As for the lag, I would assume the GPU + CPU throttle down their power usage when you aren't drawing visible textures, and when you suddenly overload them they need a brief instant to power up. In real life apps and games this 0%-100% sudden workload changes never happen, so a slight lag is totally understandable and expected, I guess.
I'm developing "remote screencasting" application (just like VNC but not exactly), where I transfer updated tiles of screen pixels over the network. I'd like to implement the caching mechanism, and I'd like to hear your recommendations...

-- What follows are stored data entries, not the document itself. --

(* Let $k\in\mathbb{N}$. There exists an almost law $(w_n)_n$ for $\mathrm{SU}(k)$ and a constant $C>0$ such that $$L_k(w_n)\le\exp\left(-C\cdot\ell(w_n)^{\log_2(\varphi)}\right)\quad\text{for all } n,$$ where $\varphi$ is the golden ratio.
   Context: $\mathbb{F}_2$ is the free group on two generators, $\ell$ the word length with respect to the free generators and their inverses. For $w\in\mathbb{F}_2$, the word map $w\colon\mathrm{SU}(k)\times\mathrm{SU}(k)\to\mathrm{SU}(k)$ is given by evaluation. On $\mathrm{SU}(k)$ use the metric $d(u,v)=\|u-v\|$ with $\|\cdot\|$ the operator norm, and set $L_k(w):=\max\{d(1_k,w(u,v))\mid u,v\in\mathrm{SU}(k)\}$. An almost law for $\mathrm{SU}(k)$ is a sequence $(w_n)$ of non-trivial elements of $\mathbb{F}_2$ such that for every neighbourhood $U$ of the identity in $\mathrm{SU}(k)$ there is $N$ with $w_n(\mathrm{SU}(k)\times\mathrm{SU}(k))\subset U$ for all $n\ge N$. *)

theory Defs
  imports "HOL-Analysis.Analysis"
begin

text \<open>Elements of the free group F_2 on generators a, b are represented by their
  unique reduced words.  A letter is a pair (g, e): g = False means a, g = True means b;
  e = True means the inverse of that generator.\<close>

type_synonym letter = "bool \<times> bool"

definition inverse_letters :: "letter \<Rightarrow> letter \<Rightarrow> bool" where
  "inverse_letters x y \<longleftrightarrow> fst x = fst y \<and> snd x \<noteq> snd y"

definition reduced_word :: "letter list \<Rightarrow> bool" where
  "reduced_word w \<longleftrightarrow> (\<forall>i. Suc i < length w \<longrightarrow> \<not> inverse_letters (w ! i) (w ! Suc i))"

definition word_length :: "letter list \<Rightarrow> nat" where
  "word_length w = length w"

text \<open>Conjugate transpose, SU(k) as a set of k x k complex matrices (k = CARD('n)).\<close>
definition adjoint_mat :: "complex^'n^'n \<Rightarrow> complex^'n^'n" where
  "adjoint_mat A = (\<chi> i j. cnj (A $ j $ i))"

definition SU :: "'n::finite itself \<Rightarrow> (complex^'n^'n) set" where
  "SU _ = {A. A ** adjoint_mat A = mat 1 \<and> adjoint_mat A ** A = mat 1 \<and> det A = 1}"

definition op_norm :: "complex^'n^'n \<Rightarrow> real" where
  "op_norm A = onorm (\<lambda>x. A *v x)"

definition dSU :: "complex^'n^'n \<Rightarrow> complex^'n^'n \<Rightarrow> real" where
  "dSU A B = op_norm (A - B)"

definition eval_letter :: "complex^'n^'n \<Rightarrow> complex^'n^'n \<Rightarrow> letter \<Rightarrow> complex^'n^'n" where
  "eval_letter u v l = (let g = (if fst l then v else u) in if snd l then matrix_inv g else g)"

definition word_map :: "letter list \<Rightarrow> complex^'n^'n \<Rightarrow> complex^'n^'n \<Rightarrow> complex^'n^'n" where
  "word_map w u v = foldr (\<lambda>l acc. eval_letter u v l ** acc) w (mat 1)"

definition L_SU :: "'n::finite itself \<Rightarrow> letter list \<Rightarrow> real" where
  "L_SU T w = (SUP p \<in> SU T \<times> SU T. dSU (mat 1) (word_map w (fst p) (snd p)))"

definition almost_law :: "'n::finite itself \<Rightarrow> (nat \<Rightarrow> letter list) \<Rightarrow> bool" where
  "almost_law T ws \<longleftrightarrow>
     (\<forall>n. reduced_word (ws n) \<and> ws n \<noteq> []) \<and>
     (\<forall>\<epsilon>>0. \<exists>N. \<forall>n\<ge>N. \<forall>u\<in>SU T. \<forall>v\<in>SU T. dSU (mat 1) (word_map (ws n) u v) < \<epsilon>)"

definition golden_ratio :: real where
  "golden_ratio = (1 + sqrt 5) / 2"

Here is how I think it should be done. For each tile coordinate, there is fixed size stack (cache) where I add updated tiles. When saving, I calculate some kind of checksum (probably CRC-16 would suffice, right?) of the tile data (i.e. pixels). When getting new tile (from the new screenshot of desktop), I calculate its checksum and compare to all items checksums in the stack of that tile coordinate. If the checksum matches, instead of sending the tile I send the special message e.g. "get tile from cache stack at position X". This means I need to have identical cache stacks on the server and on the client.
Here comes my questions:
What should be the default stack size (depth)? Say if stack size is 5, this means last 5 tiles of specified coordinates will be saved, and 5 times the resolution of screen pixels will be the total cache size. For big screens raw RGB buffer of screen will be approx. 5 megabytes, so having 10-level stack means 50MB cache, right? So what should be the cache depth? I think maybe 10 but need your suggestions.
I'm compressing the tiles into JPEG before sending over network. Should I implement caching of JPEG tiles, or raw RBG tiles before compression? Logical choice would be caching raw tiles as it would avoid unnecessary JPEG encoding for the tiles that would be found in cache. But saving RGB pixels will require much bigger cache size. So what's the best option - before or after compression?

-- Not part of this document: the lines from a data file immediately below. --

text \<open>Write \<open>\<theta>\<^sub>k = t + 2\<pi>(k-1)/3\<close>. Since \<open>e\<^sub>k \<and> e\<^sub>k = 0\<close>, the form \<open>\<xi>\<close> is
  \<open>4\<lambda> \<Sum>\<^sub>k s\<^sub>k f\<^sub>k \<and> e\<^sub>k\<close>, so \<open>\<xi> \<and> \<xi>\<close> only has the components \<open>e\<^sub>i f\<^sub>i e\<^sub>j f\<^sub>j\<close>, with
  coefficients proportional to \<open>s\<^sub>i s\<^sub>j\<close>; expanding \<open>d(Re \<Xi>)\<close> shows that its other
  components vanish as well, so the equation reduces to three scalar equations, one for each
  pair \<open>{i, j}\<close>. Let \<open>m\<close> be the third index. As \<open>\<theta>\<^sub>i, \<theta>\<^sub>j\<close> are \<open>\<theta>\<^sub>m + 2\<pi>/3, \<theta>\<^sub>m + 4\<pi>/3\<close>
  modulo \<open>2\<pi>\<close>, the quantities \<open>c\<^sub>i + c\<^sub>j\<close>, \<open>c\<^sub>i c\<^sub>j\<close> and \<open>s\<^sub>i s\<^sub>j\<close> are polynomials in \<open>c\<^sub>m\<close>,
  and each scalar equation becomes the vanishing of one and the same quadratic polynomial at
  \<open>c\<^sub>m\<close>. As \<open>c\<^sub>1 = cos t\<close> takes the values \<open>-1, 0, 1\<close>, the equation holds for all \<open>t\<close> iff
  the three coefficients of that quadratic vanish, which is a small polynomial system in
  \<open>a, b, \<mu>\<close>.\<close>

text \<open>Finite lists of terms \<open>(xs, c)\<close>, standing for \<open>c\<close> times the wedge of the basis
  1-forms indexed by \<open>xs\<close>: on these, wedge products, \<open>d\<close> and the comparison of
  coefficients can be evaluated by rewriting.\<close>
definition form_of_terms :: "(nat list \<times> 'a::comm_ring_1) list \<Rightarrow> 'a form" where
  "form_of_terms L = (\<lambda>K. sum_list (map (\<lambda>(xs, c). if set xs = K then c else 0) L))"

Is CRC-16 checksum alone enough for comparing new screen tiles with the tiles in cache stack? I mean should I additionally make byte-by-byte comparison for the tiles when CRC matches, or is it redundant? Is the collision probability low enough to be discarded?

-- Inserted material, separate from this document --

(* Let $\Theta$ be a typed signature. For every $\varphi\in\mathcal L_{\mathrm{VCL}}(\Theta)$, if $\varphi$ is true at every state of every VCL model over $\Theta$, then $\vdash_{\mathrm{VCL}_\Theta}\varphi$.
   Context: A typed signature is $\Theta=(\mathrm{Ag},X,\{D_x\}_{x\in X})$ with $\mathrm{Ag}$ a finite non-empty set of agents, $X$ a finite set of variables, each $D_x$ finite non-empty. $\overline C=\mathrm{Ag}\setminus C$, $\Sigma_C=\prod_{i\in C}\Sigma_i$ ($\Sigma_\varnothing$ a singleton). $\mathcal L_{\mathrm{VCL}}(\Theta)$: $\varphi::=\top\mid(x{=}c)\mid\neg\varphi\mid\varphi\wedge\psi\mid[C]\varphi$ ($x\in X,c\in D_x,C\subseteq\mathrm{Ag}$). A VCL model is $\mathcal M=(S,\{\Sigma_i\},o,\pi)$ with $S,\Sigma_i\neq\varnothing$, $o:S\times\Sigma_{\mathrm{Ag}}\to S$, $\pi:S\to\prod_x D_x$; $(x{=}c)$ true at $s$ iff $\pi(s)(x)=c$; Boolean clauses usual; $[C]\varphi$ true at $s$ iff $\exists\alpha_C\in\Sigma_C\,\forall\beta_{\overline C}\in\Sigma_{\overline C}$: $\varphi$ true at $o(s,\alpha_C\sqcup\beta_{\overline C})$. The Hilbert system $\mathrm{VCL}_\Theta$ has: all instances of classical propositional tautologies; for $C,D\subseteq\mathrm{Ag}$: (C1) $[C](\varphi\wedge\psi)\to[C]\varphi$; (C2) $\neg[C]\bot$; (C3) $[C]\top$; (C4) $[C]\varphi\wedge[D]\psi\to[C\cup D](\varphi\wedge\psi)$ when $C\cap D=\varnothing$; (C5) $\neg[\varnothing]\neg\varphi\to[\mathrm{Ag}]\varphi$; (V1) $\bigvee_{c\in D_x}(x{=}c)$; (V2) $(x{=}c)\to\neg(x{=}d)$ for distinct $c,d\in D_x$; rules MP and RE (from $\vdash\varphi\leftrightarrow\psi$ infer $\vdash[C]\varphi\leftrightarrow[C]\psi$). *)

theory Defs
  imports "HOL-Library.FuncSet"
begin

In general, what do you think about the scheme I described? What would you change in it? Any kind of suggestions would be appreciated!
I like the way you explained everything, this is certainly a nice idea to implement.
I implemented the similar approach for a similar application couple of months ago, Now looking for some different schemes either work along with it or replace it.
I used the cache stack size equal number of tiles as present in a screen and didn't restrict the tile to be matched with same location previous tile. I assume it is very helpful while user is moving a window. Cache size is a trade-off between processing power , memory and bandwidth. The more tiles you have in cache the more you may save the bandwidth again on the cost of memory and processing.
I used CRC16 too but this is not ideal to implement as when it hits some CRCs in cache it produces a very odd image, which was quite annoying but very rare. Best thing is the match pixel by pixel if you can afford it in-terms of processing power. In my case I couldn't.
Caching JPEG is a better idea to save the memory, because if we create BITMAP from JPEG the damage has already been done to it in-terms of quality, I assume the probability of hitting wrong CRC is the same in both cases. I, in my case, used JPEG.
I'd use a faster hash algorithm. murmur2 or Jenkins for example. It promises much better uniqueness.
See Spice remote protocol (www.spice-space.org) for example of caching.
The cache should be as big as it can be (on the client, or in an intermediate proxy).
You might check out x11vnc's cache implementation.